(* Let $\Omega\subseteq\mathbb{R}^n$ be open, let $f_1,\dots,f_m:\Omega\to\mathbb{R}$ be differentiable, and let $W\subseteq\Omega$ be convex and bounded. Suppose there is $L\ge 0$ such that $$\|\nabla f_i(y)-\nabla f_i(z)\|\le L\|y-z\|\qquad\text{for all }y,z\in W,\ i=1,\dots,m,$$ and set $M=\sup_{i=1,\dots,m,\ x\in W}\|\nabla f_i(x)\|$ (which is finite). Then for all $y,z\in W$: 1. $\|\Lambda f(y)-\Lambda f(z)\|\le\sqrt{2LM}\,\|y-z\|^{1/2}$, so $x\mapsto\Lambda f(x)$ is Hölder continuous on $W$ with exponent $1/2$; 2. $\big|\,\|\Lambda f(y)\|-\|\Lambda f(z)\|\,\big|\le L\|y-z\|$, so $x\mapsto\|\Lambda f(x)\|$ is Lipschitz continuous on $W$.
   Context: $\mathbb{R}^n$ carries the standard inner product $\langle\cdot,\cdot\rangle$ and Euclidean norm $\|\cdot\|$. For $x\in\Omega$, the (multiobjective) steepest descent direction is $$\Lambda f(x):=\operatorname{argmin}_{v\in\mathbb{R}^n}\Big(\max_{i=1,\dots,m}\langle v,\nabla f_i(x)\rangle+\tfrac12\|v\|^2\Big),$$ (the minimizer is unique since the objective is strongly convex). *)

theory Defs
  imports "HOL-Analysis.Analysis"
begin

definition grad :: "('a::euclidean_space \<Rightarrow> real) \<Rightarrow> 'a \<Rightarrow> 'a" where
  "grad g x = (THE v. (g has_derivative (\<lambda>h. v \<bullet> h)) (at x))"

________________________

To do:
Write out the data exactly as it stands.

Answer to the problem:
(* Let $\Omega\subseteq\mathbb{R}^n$ be open, let $f_1,\dots,f_m:\Omega\to\mathbb{R}$ be differentiable, and let $W\subseteq\Omega$ be convex and bounded. Suppose there is $L\ge 0$ such that $$\|\nabla f_i(y)-\nabla f_i(z)\|\le L\|y-z\|\qquad\text{for all }y,z\in W,\ i=1,\dots,m,$$ and set $M=\sup_{i=1,\dots,m,\ x\in W}\|\nabla f_i(x)\|$ (which is finite). Then for all $y,z\in W$: 1. $\|\Lambda f(y)-\Lambda f(z)\|\le\sqrt{2LM}\,\|y-z\|^{1/2}$, so $x\mapsto\Lambda f(x)$ is Hölder continuous on $W$ with exponent $1/2$; 2. $\big|\,\|\Lambda f(y)\|-\|\Lambda f(z)\|\,\big|\le L\|y-z\|$, so $x\mapsto\|\Lambda f(x)\|$ is Lipschitz continuous on $W$.
   Context: $\mathbb{R}^n$ carries the standard inner product $\langle\cdot,\cdot\rangle$ and Euclidean norm $\|\cdot\|$. For $x\in\Omega$, the (multiobjective) steepest descent direction is $$\Lambda f(x):=\operatorname{argmin}_{v\in\mathbb{R}^n}\Big(\max_{i=1,\dots,m}\langle v,\nabla f_i(x)\rangle+\tfrac12\|v\|^2\Big),$$ (the minimizer is unique since the objective is strongly convex). *)

theory Defs
  imports "HOL-Analysis.Analysis"
begin

definition grad :: "('a::euclidean_space \<Rightarrow> real) \<Rightarrow> 'a \<Rightarrow> 'a" where
  "grad g x = (THE v. (g has_derivative (\<lambda>h. v \<bullet> h)) (at x))"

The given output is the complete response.